GAZA CITY, Gaza Strip - Israeli ground forces made their deepest foray yet Sunday into Gaza's most populated area.

Tanks rolled into residential neighbourhoods and infantry fighting heightened in streets and buildings with Hamas militants keeping up their rocketing of southern Israel.

An Israeli army spokeswoman said residential neighbourhoods in Gaza are riddled with homemade bombs and booby traps, including mannequins placed at apartment entrances.

They're being put there to simulate militants and are rigged to explode if soldiers approach.

Israeli army spokesman Major Avital Leibovich says the army is advancing more into urban areas.

He says it's being done because that's where Hamas militants are holed up.

Late Sunday, dense plumes of smoke from explosions rose over Gaza City and heavy gunfire was heard just south of the city.

Early Monday, Israeli navy gunboats fired more than 25 shells at Gaza City, setting fires and shaking office buildings, including the local bureau of The Associated Press.

The military said that in general, the targets are Hamas installations but had no immediate information about the shelling that began just after midnight.

Gaza medical officials say at least 870 Palestinians, about half of them civilians, have been killed in the conflict that began Dec. 27.

It began with Israeli air strikes on Hamas buildings, as well as suspected rocket launch sites and smuggling tunnels on the Egyptian border.

Thirteen Israelis, including 10 soldiers, have died.

German and British envoys pressed efforts to negotiate an end to the war even though Israel and Hamas have ignored a UN Security Council resolution calling for an immediate and durable ceasefire.

Outgoing Prime Minister Ehud Olmert said Israel had made progress in its objectives in the Gaza offensive but was not finished yet.

"Israel is nearing the goals that it set for itself," Olmert said. "However, further patience, determination and effort are necessary in order to achieve those goals in a way that will change the security reality in the south."

While Olmert's comment signaled no immediate end to the offensive, it indicated that Israel is wary of an open-ended conflict with an unclear agenda.

Israel wants to end years of rocket attacks by Hamas on its southern population, a complex goal that could require Egyptian or international help in shutting off routes to smuggle weapons into Gaza from Egypt.

Israel has been bombing tunnels that run under the Egypt-Gaza border.

Hamas, in turn, demands that Israel open Gaza's blockaded borders as part of any halt to the fighting.

Such a measure would relieve economic pressure on the destitute territory but also strengthen Hamas's control of Gaza, an odious prospect for Israelis who fear a halt to the fighting will just give Hamas another opportunity to re-arm.

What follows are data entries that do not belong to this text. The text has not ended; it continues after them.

(* Let $\mathbf{b}\in H_{1,2,2}$ have odd norm. Then there exist units $\mathbf{u},\mathbf{u}_1$ of $H_{1,2,2}$ such that $\mathbf{b}\mathbf{u}\equiv\mathbf{u}_1\mathbf{b}\equiv 1 \pmod 2$, i.e. $\mathbf{b}\mathbf{u}-1\in 2H_{1,2,2}$ and $\mathbf{u}_1\mathbf{b}-1\in 2H_{1,2,2}$.
   Context: Let $\mathbf{i},\mathbf{j},\mathbf{k}$ be the standard quaternion units; $\overline{\mathbf{q}}$ is quaternion conjugation and $N(\mathbf{q})=\mathbf{q}\overline{\mathbf{q}}$. $H_{1,2,2}$ is the subring of the quaternions equal to the $\mathbb{Z}$-module generated by $\mathbf{v}_1=1$, $\mathbf{v}_2=\mathbf{i}$, $\mathbf{v}_3=\tfrac12(1+\mathbf{i}+\sqrt2\,\mathbf{j})$, $\mathbf{v}_4=\tfrac12(1+\mathbf{i}+\sqrt2\,\mathbf{k})$. A unit is an element invertible in $H_{1,2,2}$ (equivalently of norm 1). *)

theory Defs
  imports Complex_Main
begin

datatype quat = Quat (qre: real) (qi: real) (qj: real) (qk: real)

definition qadd :: "quat \<Rightarrow> quat \<Rightarrow> quat" where
  "qadd p q = Quat (qre p + qre q) (qi p + qi q) (qj p + qj q) (qk p + qk q)"

definition qsub :: "quat \<Rightarrow> quat \<Rightarrow> quat" where
  "qsub p q = Quat (qre p - qre q) (qi p - qi q) (qj p - qj q) (qk p - qk q)"

definition qscale :: "real \<Rightarrow> quat \<Rightarrow> quat" where
  "qscale r q = Quat (r * qre q) (r * qi q) (r * qj q) (r * qk q)"

definition qmul :: "quat \<Rightarrow> quat \<Rightarrow> quat" where
  "qmul p q = Quat
     (qre p * qre q - qi p * qi q - qj p * qj q - qk p * qk q)
     (qre p * qi q + qi p * qre q + qj p * qk q - qk p * qj q)
     (qre p * qj q - qi p * qk q + qj p * qre q + qk p * qi q)
     (qre p * qk q + qi p * qj q - qj p * qi q + qk p * qre q)"

definition qone :: quat where "qone = Quat 1 0 0 0"

definition qconj :: "quat \<Rightarrow> quat" where
  "qconj q = Quat (qre q) (- qi q) (- qj q) (- qk q)"

definition qnorm :: "quat \<Rightarrow> real" where
  "qnorm q = qre (qmul q (qconj q))"

definition v1 :: quat where "v1 = Quat 1 0 0 0"
definition v2 :: quat where "v2 = Quat 0 1 0 0"
definition v3 :: quat where "v3 = Quat (1/2) (1/2) (sqrt 2 / 2) 0"
definition v4 :: quat where "v4 = Quat (1/2) (1/2) 0 (sqrt 2 / 2)"

definition H122 :: "quat set" where
  "H122 = {qadd (qadd (qscale (of_int a) v1) (qscale (of_int b) v2))
                (qadd (qscale (of_int c) v3) (qscale (of_int d) v4)) | a b c d :: int. True}"

definition is_unit_H122 :: "quat \<Rightarrow> bool" where
  "is_unit_H122 u \<longleftrightarrow> u \<in> H122 \<and> (\<exists>w\<in>H122. qmul u w = qone \<and> qmul w u = qone)"

definition cong2_H122 :: "quat \<Rightarrow> quat \<Rightarrow> bool" where
  "cong2_H122 x y \<longleftrightarrow> (\<exists>z\<in>H122. qsub x y = qscale 2 z)"

end

theory Submission
  imports Defs
begin

text \<open>Since \<open>b * conj b = conj b * b = N(b)\<close> and \<open>N(b)\<close> is odd, \<open>conj b\<close> is a two-sided
  inverse of \<open>b\<close> modulo 2. A check of the sixteen residue classes
  modulo 2 shows that every class of odd norm contains an element of norm 1, i.e. a unit; the unit
  \<open>u\<close> in the class of \<open>conj b\<close> then satisfies \<open>b u \<equiv> u b \<equiv> 1 (mod 2)\<close>.\<close>

lemma qmul_qconj_right: "qmul q (qconj q) = Quat (qnorm q) 0 0 0"
  by (simp add: qnorm_def qmul_def qconj_def algebra_simps)

lemma qmul_qconj_left: "qmul (qconj q) q = Quat (qnorm q) 0 0 0"
  by (simp add: qnorm_def qmul_def qconj_def algebra_simps)

lemma qnorm_qconj: "qnorm (qconj q) = qnorm q"
  by (simp add: qnorm_def qmul_def qconj_def)

lemma qmul_qsub_distrib_left: "qmul z (qsub x y) = qsub (qmul z x) (qmul z y)"
  by (simp add: qmul_def qsub_def algebra_simps)

lemma qmul_qsub_distrib_right: "qmul (qsub x y) z = qsub (qmul x z) (qmul y z)"
  by (simp add: qmul_def qsub_def algebra_simps)

lemma qmul_qscale_left: "qmul (qscale r x) y = qscale r (qmul x y)"
  by (simp add: qmul_def qscale_def algebra_simps)

lemma qmul_qscale_right: "qmul x (qscale r y) = qscale r (qmul x y)"
  by (simp add: qmul_def qscale_def algebra_simps)

lemma qsub_trans_eq_qadd: "qsub x z = qadd (qsub x y) (qsub y z)"
  by (simp add: qsub_def qadd_def)

lemma qscale_qadd: "qscale r (qadd x y) = qadd (qscale r x) (qscale r y)"
  by (simp add: qscale_def qadd_def algebra_simps)

text \<open>The element \<open>a v\<^sub>1 + b v\<^sub>2 + c v\<^sub>3 + d v\<^sub>4\<close>.\<close>

definition H122_elem :: "int \<Rightarrow> int \<Rightarrow> int \<Rightarrow> int \<Rightarrow> quat" where
  "H122_elem a b c d = Quat (a + (c + d) / 2) (b + (c + d) / 2) (c * sqrt 2 / 2) (d * sqrt 2 / 2)"

definition H122_normform :: "int \<Rightarrow> int \<Rightarrow> int \<Rightarrow> int \<Rightarrow> int" where
  "H122_normform a b c d = a*a + b*b + (c + d)*(a + b) + c*c + d*d + c*d"

lemma H122_eq_range_elem: "H122 = {H122_elem a b c d | a b c d. True}"
  unfolding H122_def
  by (simp add: H122_elem_def qadd_def qscale_def v1_def v2_def v3_def v4_def
      algebra_simps add_divide_distrib)

lemma H122_elem_in_H122 [simp]: "H122_elem a b c d \<in> H122"
  by (auto simp: H122_eq_range_elem)

lemma H122_cases:
  assumes "x \<in> H122"
  obtains a b c d where "x = H122_elem a b c d"
  using assms by (auto simp: H122_eq_range_elem)

lemma qmul_H122_elem: "qmul (H122_elem a b c d) (H122_elem p q r s) = H122_elem
    (a*p - b*q - b*r - c*r - d*q - d*r - d*s)
    (a*q + b*p + b*s + c*q + c*s - d*r)
    (a*r - b*s + c*p + c*r + d*q + d*r)
    (a*s + b*r - c*q + d*p + d*r + d*s)"
proof -
  have "sqrt 2 * sqrt 2 = (2::real)" by simp
  then show ?thesis
    unfolding qmul_def H122_elem_def quat.inject quat.sel
    by (simp only: of_int_add of_int_diff of_int_mult) (simp add: field_simps)
qed

lemma qadd_H122_elem:
  "qadd (H122_elem a b c d) (H122_elem p q r s) = H122_elem (a + p) (b + q) (c + r) (d + s)"
  by (simp add: qadd_def H122_elem_def algebra_simps add_divide_distrib)

lemma qsub_H122_elem:
  "qsub (H122_elem a b c d) (H122_elem p q r s) = H122_elem (a - p) (b - q) (c - r) (d - s)"
  by (simp add: qsub_def H122_elem_def algebra_simps diff_divide_distrib)

lemma qscale_2_H122_elem: "qscale 2 (H122_elem a b c d) = H122_elem (2*a) (2*b) (2*c) (2*d)"
  by (simp add: qscale_def H122_elem_def algebra_simps)

lemma qconj_H122_elem: "qconj (H122_elem a b c d) = H122_elem (a + c + d) (- b) (- c) (- d)"
  by (simp add: qconj_def H122_elem_def field_simps)

lemma qnorm_H122_elem: "qnorm (H122_elem a b c d) = of_int (H122_normform a b c d)"
proof -
  have "sqrt 2 * sqrt 2 = (2::real)" by simp
  then show ?thesis
    unfolding qnorm_def qmul_def qconj_def H122_elem_def H122_normform_def quat.sel
    by (simp only: of_int_add of_int_diff of_int_mult) (simp add: field_simps)
qed

lemma qone_eq_H122_elem: "qone = H122_elem 1 0 0 0"
  by (simp add: qone_def H122_elem_def)

lemma qmul_in_H122: "x \<in> H122 \<Longrightarrow> y \<in> H122 \<Longrightarrow> qmul x y \<in> H122"
  by (elim H122_cases) (simp add: qmul_H122_elem)

lemma qadd_in_H122: "x \<in> H122 \<Longrightarrow> y \<in> H122 \<Longrightarrow> qadd x y \<in> H122"
  by (elim H122_cases) (simp add: qadd_H122_elem)

lemma qconj_in_H122: "x \<in> H122 \<Longrightarrow> qconj x \<in> H122"
  by (elim H122_cases) (simp add: qconj_H122_elem)

lemma is_unit_H122_if_qnorm_eq_1:
  assumes "u \<in> H122" "qnorm u = 1"
  shows "is_unit_H122 u"
  unfolding is_unit_H122_def
  using assms by (auto simp: qmul_qconj_right qmul_qconj_left qone_def qconj_in_H122
      intro!: bexI[of _ "qconj u"])

lemma cong2_H122_trans: "cong2_H122 x y \<Longrightarrow> cong2_H122 y z \<Longrightarrow> cong2_H122 x z"
  unfolding cong2_H122_def
  by (metis qsub_trans_eq_qadd qscale_qadd qadd_in_H122)

lemma cong2_H122_mult_left:
  "z \<in> H122 \<Longrightarrow> cong2_H122 x y \<Longrightarrow> cong2_H122 (qmul z x) (qmul z y)"
  unfolding cong2_H122_def
  by (metis qmul_qsub_distrib_left qmul_qscale_right qmul_in_H122)

lemma cong2_H122_mult_right:
  "z \<in> H122 \<Longrightarrow> cong2_H122 x y \<Longrightarrow> cong2_H122 (qmul x z) (qmul y z)"
  unfolding cong2_H122_def
  by (metis qmul_qsub_distrib_right qmul_qscale_left qmul_in_H122)

lemma cong2_H122_elem:
  assumes "even (a - p)" "even (b - q)" "even (c - r)" "even (d - s)"
  shows "cong2_H122 (H122_elem a b c d) (H122_elem p q r s)"
proof -
  from assms obtain a' b' c' d' where
    "a - p = 2*a'" "b - q = 2*b'" "c - r = 2*c'" "d - s = 2*d'"
    by (elim evenE)
  then have "qsub (H122_elem a b c d) (H122_elem p q r s) = qscale 2 (H122_elem a' b' c' d')"
    by (simp add: qsub_H122_elem qscale_2_H122_elem)
  then show ?thesis
    unfolding cong2_H122_def by (rule bexI[OF _ H122_elem_in_H122])
qed

lemma cong2_H122_odd_real:
  assumes "odd n"
  shows "cong2_H122 (Quat (of_int n) 0 0 0) qone"
proof -
  have "Quat (of_int n) 0 0 0 = H122_elem n 0 0 0"
    by (simp add: H122_elem_def)
  then show ?thesis
    using assms by (simp add: qone_eq_H122_elem cong2_H122_elem)
qed

lemma H122_normform_odd_class_has_norm_1:
  assumes "odd (H122_normform a b c d)"
  obtains p q r s where "H122_normform p q r s = 1"
    and "even (a - p)" "even (b - q)" "even (c - r)" "even (d - s)"
proof -
  have "\<exists>(p, q, r, s) \<in> set
      [(1, 0, 0, 0), (0, 1, 0, 0), (0, 0, 1, 0), (0, 0, 0, 1), (0, 0, -1, 1), (0, -1, 0, 1),
       (0, -1, 1, 0), (-1, 0, 0, 1), (-1, 0, 1, 0), (1, 1, 0, -1), (1, 1, -1, 0), (-1, -1, 1, 1)].
      H122_normform p q r s = 1 \<and> even (a - p) \<and> even (b - q) \<and> even (c - r) \<and> even (d - s)"
    using assms unfolding H122_normform_def
    by (simp add: even_add even_mult_iff even_diff)
      (cases "even a"; cases "even b"; cases "even c"; cases "even d"; simp)
  then show thesis
    using that by blast
qed

lemma odd_qnorm_cong2_H122_unit:
  assumes "x \<in> H122" "qnorm x = of_int n" "odd n"
  obtains u where "is_unit_H122 u" "cong2_H122 u x"
proof -
  obtain a b c d where x: "x = H122_elem a b c d"
    using assms(1) by (rule H122_cases)
  have "odd (H122_normform a b c d)"
    using assms(2,3) by (simp add: x qnorm_H122_elem)
  then obtain p q r s where "H122_normform p q r s = 1"
    and "even (p - a)" "even (q - b)" "even (r - c)" "even (s - d)"
    by (rule H122_normform_odd_class_has_norm_1) (simp_all add: even_diff)
  then show thesis
    by (intro that[of "H122_elem p q r s"])
      (simp_all add: x is_unit_H122_if_qnorm_eq_1 qnorm_H122_elem cong2_H122_elem)
qed

theorem corollary9:
  assumes "b \<in> H122"
    and "\<exists>n::int. odd n \<and> qnorm b = of_int n"
  shows "\<exists>u u1. is_unit_H122 u \<and> is_unit_H122 u1 \<and>
           cong2_H122 (qmul b u) qone \<and> cong2_H122 (qmul u1 b) qone"
proof -
  obtain n :: int where n: "odd n" "qnorm b = of_int n"
    using assms(2) by blast
  have conj_b: "qconj b \<in> H122"
    using assms(1) by (rule qconj_in_H122)
  moreover have "qnorm (qconj b) = of_int n"
    using n(2) by (simp add: qnorm_qconj)
  ultimately obtain u where u: "is_unit_H122 u" "cong2_H122 u (qconj b)"
    using n(1) by (rule odd_qnorm_cong2_H122_unit)
  have "cong2_H122 (qmul b u) (qmul b (qconj b))"
    using assms(1) u(2) by (rule cong2_H122_mult_left)
  moreover have "cong2_H122 (qmul u b) (qmul (qconj b) b)"
    using assms(1) u(2) by (rule cong2_H122_mult_right)
  moreover have "cong2_H122 (Quat (qnorm b) 0 0 0) qone"
    using n by (simp add: cong2_H122_odd_real)
  ultimately show ?thesis
    using u(1) by (metis qmul_qconj_right qmul_qconj_left cong2_H122_trans)
qed

end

In Cairo, Egypt's state-owned news agency reported progress in truce talks with Hamas, but provided no specifics.

The Middle East News Agency quoted an unnamed Egyptian official as saying talks between the nation's intelligence chief, Omar Suleiman, and Hamas envoys were "positive."

Palestinian medical officials reported about 60 deaths on Sunday, including 17 who had died of wounds suffered on previous days.

Most of those killed Sunday were noncombatants, medical officials said, including four members of one family killed when a tank shell hit their home near Gaza City, and a 10-year-old girl killed in a similar attack.

Palestinian witnesses said Israeli troops moved to within a kilometre of Gaza City's southern neighbourhoods, and even closer to the northern neighbourhood of Sheikh Ajleen.

Firefights in Sheikh Ajleen erupted before dawn as Israeli forces advanced toward Gaza City, home to 400,000 people, Palestinian witnesses said.

The battles were still in progress nearly a full day later, though tanks pulled back, with the Israelis in control of some buildings on the neighbourhood's outskirts.

"We are safe, but we don't know for how long," said Khamis Alawi, 44, who huddled with his wife and six children in their kitchen overnight. He said bullets riddled his walls and several came in through the windows.

Military analysts say Israeli troops are probing territory, clearing buildings and moving around regularly, rather than digging into positions that would allow Hamas militants to get a fix on their whereabouts and lay ambushes.

Israel risks losing the advantage of armor and heavy firepower in urban settings that the militants know well.